Saved data entries:
◆ ◆ ◆

lemma restr_conjop: "restr (conjop S n A X) = conjugate A X"
proof -
  have "restr (conjop S n A X) = opmul S n (opinv S n A) X \<odot> A"
    by (simp add: conjop_def mult_def)
  also have "\<dots> = conjugate A X"
    unfolding conjugate_def by (metis mult_def mult_restr_left)
  finally show ?thesis .
qed

lemma sum_two_slots:
  assumes i: "i \<in> S" and j: "j \<in> S" and ij: "i \<noteq> j" and x: "x \<in> cfg"
  shows "(\<Sum>z\<in>cfg. if \<forall>l. l \<noteq> i \<longrightarrow> l \<noteq> j \<longrightarrow> x l = z l then h z else 0)
       = (\<Sum>c<n. \<Sum>e<n. h (x(i := c, j := e)))"
proof -
  define g where "g = (\<lambda>(c, e). x(i := c, j := e))"
  define Z where "Z = {z \<in> cfg. \<forall>l. l \<noteq> i \<longrightarrow> l \<noteq> j \<longrightarrow> x l = z l}"
  have "inj_on g ({..<n} \<times> {..<n})"
    unfolding inj_on_def g_def
  proof (clarify)
    fix c e c' e' assume "x(i := c, j := e) = x(i := c', j := e')"
    then have "c = c'" "e = e'"
      using fun_cong[of _ _ i] fun_cong[of _ _ j] ij by (metis fun_upd_other fun_upd_same)+
    then show "c = c' \<and> e = e'" ..
  qed
  moreover have "g ` ({..<n} \<times> {..<n}) = Z"
  proof
    show "g ` ({..<n} \<times> {..<n}) \<subseteq> Z"
      using x i j by (auto simp: g_def Z_def cfgs_def)
    show "Z \<subseteq> g ` ({..<n} \<times> {..<n})"
    proof
      fix z assume z: "z \<in> Z"
      then have "z = g (z i, z j)" "(z i, z j) \<in> {..<n} \<times> {..<n}"
        using ij i j by (auto simp: g_def Z_def cfgs_def fun_eq_iff)
      then show "z \<in> g ` ({..<n} \<times> {..<n})" by blast
    qed
  qed
  ultimately have "(\<Sum>z\<in>Z. h z) = (\<Sum>p\<in>{..<n} \<times> {..<n}. h (g p))"
    by (metis sum.reindex_cong)
  moreover have "(\<Sum>z\<in>cfg. if \<forall>l. l \<noteq> i \<longrightarrow> l \<noteq> j \<longrightarrow> x l = z l then h z else 0) = (\<Sum>z\<in>Z. h z)"
    unfolding Z_def using finite_cfg by (simp add: sum.inter_filter)
  ultimately show ?thesis
    by (simp add: g_def sum.cartesian_product case_prod_unfold)
qed

lemma opmul_Rop_Rop:
  assumes i: "i \<in> S" and j: "j \<in> S" and ij: "i \<noteq> j" and x: "x \<in> cfg"
  shows "opmul S n (Rop R i j w) (Rop R j i w) x y =
    (if \<forall>l. l \<noteq> i \<longrightarrow> l \<noteq> j \<longrightarrow> x l = y l
     then \<Sum>c<n. \<Sum>e<n. R (w i) (w j) (x i, x j) (c, e) * R (w j) (w i) (e, c) (y j, y i) else 0)"
proof -
  let ?off = "\<lambda>z. \<forall>l. l \<noteq> i \<longrightarrow> l \<noteq> j \<longrightarrow> z l = y l"
  define h where "h z = R (w i) (w j) (x i, x j) (z i, z j) *
     (R (w j) (w i) (z j, z i) (y j, y i) * (if ?off z then 1 else 0))" for z
  have "opmul S n (Rop R i j w) (Rop R j i w) x y =
      (\<Sum>z\<in>cfg. if \<forall>l. l \<noteq> i \<longrightarrow> l \<noteq> j \<longrightarrow> x l = z l then h z else 0)"
    unfolding opmul_def Rop_def h_def by (rule sum.cong) (auto simp: conj_commute)
  also have "\<dots> = (\<Sum>c<n. \<Sum>e<n. h (x(i := c, j := e)))"
    by (rule sum_two_slots[OF i j ij x])
  also have "\<dots> = (\<Sum>c<n. \<Sum>e<n. (if ?off x then 1 else 0) *
      (R (w i) (w j) (x i, x j) (c, e) * R (w j) (w i) (e, c) (y j, y i)))"
  proof -
    have "?off (x(i := c, j := e)) \<longleftrightarrow> ?off x" for c e
      by auto
    then show ?thesis
      unfolding h_def using ij by (simp add: mult_ac)
  qed
  also have "\<dots> = (if ?off x
      then \<Sum>c<n. \<Sum>e<n. R (w i) (w j) (x i, x j) (c, e) * R (w j) (w i) (e, c) (y j, y i) else 0)"
    by (cases "?off x") auto
  finally show ?thesis .
qed

lemma Rop_mult_Rop:
  assumes i: "i \<in> S" and j: "j \<in> S" and ij: "i \<noteq> j"
    and unitary: "\<And>a b a' b'. a < n \<Longrightarrow> b < n \<Longrightarrow> a' < n \<Longrightarrow> b' < n \<Longrightarrow>
       (\<Sum>c<n. \<Sum>e<n. R (w i) (w j) (a, b) (c, e) * R (w j) (w i) (e, c) (b', a')) = (if a = a' \<and> b = b' then 1 else 0)"
  shows "Rop R i j w \<odot> Rop R j i w = one_op"
proof (rule restr_ext)
  fix x y assume x: "x \<in> cfg" and y: "y \<in> cfg"
  have "x i < n" "x j < n" "y i < n" "y j < n"
    using x y i j by (auto simp: cfgs_def)
  moreover have "(\<forall>l. l \<noteq> i \<longrightarrow> l \<noteq> j \<longrightarrow> x l = y l) \<and> x i = y i \<and> x j = y j \<longleftrightarrow> x = y"
    by (auto simp: fun_eq_iff)
  ultimately show "(Rop R i j w \<odot> Rop R j i w) x y = one_op x y"
    using opmul_Rop_Rop[OF i j ij x, of R w y] unitary x y
    by (auto simp: mult_def restr_def one_op_def opid_def)
qed (simp_all add: one_op_def)

lemma restr_Rop_flip:
  assumes i: "i \<in> S" and j: "j \<in> S" and ij: "i \<noteq> j" and wi: "w i = 0" and wj: "w j = 0"
    and regular: "\<And>p q. fst p < n \<Longrightarrow> snd p < n \<Longrightarrow> fst q < n \<Longrightarrow> snd q < n \<Longrightarrow>
      R 0 0 p q = (if fst p = snd q \<and> snd p = fst q then 1 else 0)"
  shows "restr (Rop R i j w) = restr (swap_op i j)"
proof (intro ext)
  fix x y
  show "restr (Rop R i j w) x y = restr (swap_op i j) x y"
  proof (cases "x \<in> cfg \<and> y \<in> cfg")
    case True
    then have "x i < n" "x j < n" "y i < n" "y j < n"
      using i j by (auto simp: cfgs_def)
    moreover have "(x i = y j \<and> x j = y i) \<and> (\<forall>l. l \<noteq> i \<longrightarrow> l \<noteq> j \<longrightarrow> x l = y l) \<longleftrightarrow> y = swap_slots i j x"
      using ij by (auto simp: swap_slots_def fun_eq_iff)
    ultimately show ?thesis
      using True regular[of "(x i, x j)" "(y i, y j)"] by (auto simp: restr_def Rop_def swap_op_def wi wj)
  qed (auto simp: restr_def)
qed

lemma trivial_on_Rop: "trivial_on (S - {i, j}) (Rop R i j w)"
  unfolding trivial_on_def
proof (intro ballI)
  fix x y assume x: "x \<in> cfg" and y: "y \<in> cfg"
  have out: "\<And>l. l \<notin> S \<Longrightarrow> x l = 0 \<and> y l = 0"
    using x y by (auto simp: cfgs_def)
  have "(\<forall>l. l \<noteq> i \<longrightarrow> l \<noteq> j \<longrightarrow> x l = y l) \<longleftrightarrow> (\<forall>l\<in>S - {i, j}. x l = y l)"
  proof
    assume S: "\<forall>l\<in>S - {i, j}. x l = y l"
    show "\<forall>l. l \<noteq> i \<longrightarrow> l \<noteq> j \<longrightarrow> x l = y l"
    proof (intro allI impI)
      fix l assume "l \<noteq> i" "l \<noteq> j"
      then show "x l = y l"
        using S out by (cases "l \<in> S") auto
    qed
  qed auto
  moreover have "\<forall>l. l \<noteq> i \<longrightarrow> l \<noteq> j \<longrightarrow> zero_on (S - {i, j}) x l = zero_on (S - {i, j}) y l"
    using out by (auto simp: zero_on_def)
  ultimately show "Rop R i j w x y = (if \<forall>l\<in>S - {i, j}. x l = y l
      then Rop R i j w (zero_on (S - {i, j}) x) (zero_on (S - {i, j}) y) else 0)"
    unfolding Rop_def by (simp add: zero_on_def)
qed

end

lemma shift_shift: "shift (shift u I t) I s = shift u I (t + s)"
  by (auto simp: shift_def fun_eq_iff)

lemma shift_0 [simp]: "shift u I 0 = u"
  by (auto simp: shift_def fun_eq_iff)

context tensor_holo
begin

lemma restr_DD: "restr (DD K m Phi u) = deriv0 m (\<lambda>t. Phi (shift u K t))"
  by (simp add: DD_def deriv0_def)

lemma DD_1_shift: "DD K 1 Phi (shift u K t) = dderiv (\<lambda>s. Phi (shift u K s)) t"
proof -
  have "deriv (\<lambda>s. Phi (shift u K (t + s)) x y) 0 = deriv (\<lambda>s. Phi (shift u K s) x y) t" for x y
    using deriv_shift_0[of "\<lambda>s. Phi (shift u K s) x y" t] by (simp add: o_def)
  then show ?thesis
    unfolding DD_def dderiv_def by (simp add: shift_shift)
qed

lemma restr_Qk: "restr (Qk R S n k I J u) = deriv0 (k - 2) (log_deriv (\<lambda>t. RIJ R S n I J (shift u I t)))"
proof -
  let ?M = "\<lambda>t. RIJ R S n I J (shift u I t)"
  have "restr (Qk R S n k I J u) = deriv0 (k - 2) (\<lambda>t. restr (opmul S n (opinv S n (?M t)) (dderiv ?M t)))"
    unfolding Qk_def restr_DD DD_1_shift deriv0_restr ..
  then show ?thesis
    unfolding log_deriv_def[abs_def] mult_def .
qed

lemma restr_Qtk: "restr (Qtk R S n k I J u) = - deriv0 (k - 2) (log_deriv (\<lambda>t. RIJ R S n I J (shift u J t)))"
proof -
  let ?M = "\<lambda>t. RIJ R S n I J (shift u J t)"
  have "restr (Qtk R S n k I J u) = - deriv0 (k - 2) (\<lambda>t. restr (opmul S n (opinv S n (?M t)) (dderiv ?M t)))"
    unfolding Qtk_def restr_opneg restr_DD DD_1_shift deriv0_restr ..
  then show ?thesis
    unfolding log_deriv_def[abs_def] mult_def .
qed

lemma restr_Qk_factor_prod:
  "restr (Qk R S n k [s] J u) = deriv0 (k - 2) (log_deriv (factor_prod (\<lambda>j t. Rop R s j (shift u [s] t)) (rev J)))"
  unfolding restr_Qk by (rule deriv0_log_deriv_cong) (simp add: restr_RIJ_left factor_prod_def)

lemma restr_Qtk_factor_prod:
  "restr (Qtk R S n k I [s] u) = - deriv0 (k - 2) (log_deriv (factor_prod (\<lambda>j t. Rop R j s (shift u [s] t)) I))"
  unfolding restr_Qtk by (subst deriv0_log_deriv_cong) (simp_all add: restr_RIJ_right factor_prod_def)

end

section \<open>The setting of the theorem\<close>

lemma double_series_holomorphic:
  fixes d :: "nat \<Rightarrow> nat \<Rightarrow> complex" and r :: real
  assumes r: "0 < r"
    and hs: "\<And>w. norm w < r \<Longrightarrow> ((\<lambda>(i, j). d i j * w ^ i) has_sum F w) UNIV"
  shows "F holomorphic_on ball 0 r"
proof -
  define w0 :: complex where "w0 = of_real (r / 2)"
  have w0: "norm w0 < r" "w0 \<noteq> 0" using r by (auto simp: w0_def)
  have summ: "(\<lambda>j. d i j) summable_on UNIV" for i
  proof -
    have "(\<lambda>(i, j). d i j * w0 ^ i) summable_on (Sigma UNIV (\<lambda>_. UNIV))"
      using hs[OF w0(1)] by (auto simp: summable_on_def)
    then have "(\<lambda>j. d i j * w0 ^ i) summable_on UNIV"
      using summable_on_SigmaD1[of "\<lambda>i j. d i j * w0 ^ i" UNIV "\<lambda>_. UNIV" i] by simp
    then have "(\<lambda>j. (1 / w0 ^ i) * (d i j * w0 ^ i)) summable_on UNIV"
      by (rule summable_on_cmult_right)
    moreover have "(\<lambda>j. (1 / w0 ^ i) * (d i j * w0 ^ i)) = (\<lambda>j. d i j)" using w0(2) by (auto simp: fun_eq_iff)
    ultimately show ?thesis by simp
  qed
  define b where "b i = infsum (\<lambda>j. d i j) UNIV" for i
  have "(\<lambda>i. b i * (w - 0) ^ i) sums F w" if w: "w \<in> ball 0 r" for w
  proof -
    have w': "norm w < r" using w by simp
    have inner: "((\<lambda>j. d i j * w ^ i) has_sum (b i * w ^ i)) UNIV" for i
      unfolding b_def by (rule has_sum_cmult_left[OF has_sum_infsum[OF summ]])
    have "((\<lambda>(i, j). d i j * w ^ i) has_sum F w) (Sigma UNIV (\<lambda>_. UNIV))"
      using hs[OF w'] by simp
    then have "((\<lambda>i. b i * w ^ i) has_sum F w) UNIV"
      by (rule has_sum_SigmaD) (use inner in simp)
    then show ?thesis by (simp add: has_sum_imp_sums)
  qed
  then show ?thesis by (rule power_series_holomorphic)
qed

◆ ◆ ◆

PROBLEM DETAILS:
Taking the lines above, repeat exactly those from the line that contains "(if \<forall>l. l" through the line that contains "1 else 0) *", and both of those lines as well. Include nothing else.

PROBLEM SOLUTION:
    (if \<forall>l. l \<noteq> i \<longrightarrow> l \<noteq> j \<longrightarrow> x l = y l
     then \<Sum>c<n. \<Sum>e<n. R (w i) (w j) (x i, x j) (c, e) * R (w j) (w i) (e, c) (y j, y i) else 0)"
proof -
  let ?off = "\<lambda>z. \<forall>l. l \<noteq> i \<longrightarrow> l \<noteq> j \<longrightarrow> z l = y l"
  define h where "h z = R (w i) (w j) (x i, x j) (z i, z j) *
     (R (w j) (w i) (z j, z i) (y j, y i) * (if ?off z then 1 else 0))" for z
  have "opmul S n (Rop R i j w) (Rop R j i w) x y =
      (\<Sum>z\<in>cfg. if \<forall>l. l \<noteq> i \<longrightarrow> l \<noteq> j \<longrightarrow> x l = z l then h z else 0)"
    unfolding opmul_def Rop_def h_def by (rule sum.cong) (auto simp: conj_commute)
  also have "\<dots> = (\<Sum>c<n. \<Sum>e<n. h (x(i := c, j := e)))"
    by (rule sum_two_slots[OF i j ij x])
  also have "\<dots> = (\<Sum>c<n. \<Sum>e<n. (if ?off x then 1 else 0) *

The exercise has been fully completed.